Activity

Levers: how bats and racquets work

Summary
Hit a ball (or coin) with a stick, showing class 3 lever action. Compare how far the ball moves when it is hit with different parts of the stick. Relate to how baseball bats and tennis racquets work.
Science content
Physics: Motion and Forces, Newton’s Laws, Gravity (K, 2, 6)
Physics: Simple and complex Machines (5)
Materials
  • sports equipment demonstrating a class 3 lever e.g. hockey stick, baseball bat, tennis racquet, golf club, lacrosse stick
  • ruler, paint stick, or other flat stick
  • ball, or if a flat surface is available, coins
Procedure

Introduce the sports equipment, ideally with a game, or show the equipment.
Demonstrate how it is a class 3 lever, with the length of the equipment being the lever arm, the hand gripping at the end is the fulcrum and the other hand (most sports) or the index finger of the fulcrum hand (tennis racquet) produces the force of the swing (the "force in" on the image, or the "effort").
The ball will be hit at the other end of the lever from the fulcrum (the "force out" on the image or the "load").

Do an activity that shows how the ball goes furthest when the ball is hit at the end of the lever arm, rather than nearer the fulcrum, and this is why the sports equipment has some length to it:
1. Hold a paint stick on the ground, and rotate it from one end (this is the fulcrum at one end of the lever and the force in just above it). Using the same force to swing the stick each time, either place a ball at the centre of the stick before hitting it, or at the end of the stick (away from the fulcrum) before hitting it. With several trials to ensure reproducibility, the ball hit with the end of the stick, rather than the centre, should go further. This is because the end of the stick moves faster (and further) as the stick rotates, than the centre of the stick. Therefore the end of the stick can transfer more energy to the ball and make it go further.
or 2. On a smooth floor surface with coins. Hold the paint stick (or ruler) at one end, use the other hand to hold the stick a little further up and rotate it so that it swings. Place coins at varying distances from the fulcrum, making sure they all start on the same vertical line, and swing the stick with the same force each time. (Optionally mark a point to which the stick is drawn back to, then swing with as much force as possible each time, to be consistent.) Note how far the coins slide with varying distances from the fulcrum - if this is done on a long piece of paper, the distances the coins move can be marked each time. The coins should generally go further when they are hit with the end of the stick, rather than the centre. Do several trials and look at the average to see this result.
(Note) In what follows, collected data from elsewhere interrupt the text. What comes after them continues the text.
(* Let $n\geq1$, $0<\sigma<1/2$, and let $\Omega\subset\mathbb{R}^n$ be an open set of finite measure such that $$\big|\{x\in\Omega:\operatorname{dist}(x,\Omega^c)<\delta\}\big|=o(\delta^{2\sigma})\qquad\text{as }\delta\to0.$$ Then $$\inf_{0\not\equiv u\in C^1_c(\Omega)}\frac{I_{n,\sigma,\Omega}[u]}{\big(\int_\Omega|u|^{\frac{2n}{n-2\sigma}}dx\big)^{\frac{n-2\sigma}{n}}}=0.$$
   Context: For an open set $\Omega\subset\mathbb{R}^n$, $I_{n,\sigma,\Omega}[u]=\iint_{\Omega\times\Omega}\frac{(u(x)-u(y))^2}{|x-y|^{n+2\sigma}}\,dx\,dy$; $\Omega^c=\mathbb{R}^n\setminus\Omega$ and $|\cdot|$ denotes Lebesgue measure. *)

theory Defs
  imports "HOL-Analysis.Analysis" "HOL-Library.Landau_Symbols"
begin

definition C1_on_UNIV :: "('a::euclidean_space \<Rightarrow> real) \<Rightarrow> bool" where
  "C1_on_UNIV u \<longleftrightarrow> (\<exists>D :: 'a \<Rightarrow> ('a \<Rightarrow>\<^sub>L real).
      (\<forall>x. (u has_derivative blinfun_apply (D x)) (at x)) \<and> continuous_on UNIV D)"

definition C1c :: "'a::euclidean_space set \<Rightarrow> ('a \<Rightarrow> real) set" where
  "C1c \<Omega> = {u. C1_on_UNIV u \<and> compact (closure {x. u x \<noteq> 0})
                  \<and> closure {x. u x \<noteq> 0} \<subseteq> \<Omega>}"

definition Iform :: "real \<Rightarrow> 'a::euclidean_space set \<Rightarrow> ('a \<Rightarrow> real) \<Rightarrow> ennreal" where
  "Iform \<sigma> \<Omega> u = (\<integral>\<^sup>+ z. indicator (\<Omega> \<times> \<Omega>) z *
      ennreal ((u (fst z) - u (snd z))\<^sup>2 / norm (fst z - snd z) powr (real DIM('a) + 2 * \<sigma>))
      \<partial>(lborel :: ('a \<times> 'a) measure))"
The same principal applies when using a tennis racquet, hockey stick, baseball bat etc: the equipment length is the lever arm, the hand at one end is the fulcrum, and the other hand (or the index finger in the case of the tennis racquet) is the force in or effort. The force out at the end of the lever arm is the greatest, as the lever is moving fastest there, so the player tries to hit the incoming ball as near to the end of the equipment as possible, to make it go as far as possible.

Note that although the end of the lever arm is moving the fastest, it will actually have less force per unit distance than nearer the fulcrum. But as the ball is relatively light compared to the equipment this does not matter.

Tennis racquets, and hockey sticks to a lesser degree, have some elasticity, to store some elastic potential energy from the incoming ball, to give the energy back to the ball as it leaves.

Notes

For coin and paint stick, the soft wood of the paintstick gets dented on its edge after 10 or so trails, which affects how it hits the coin.
Discount the turn if the coin rolls on its edge, leaves the edge of the paper.
Record multiple data points (10 or more) from the same starting position on the bat, to allow for hitting variability or random bumps in the paper. (Maybe rotate through the starting positions so that as hitting gets more effective there is no bias towards certain starting positions.)
Graph results. Class data can be pooled.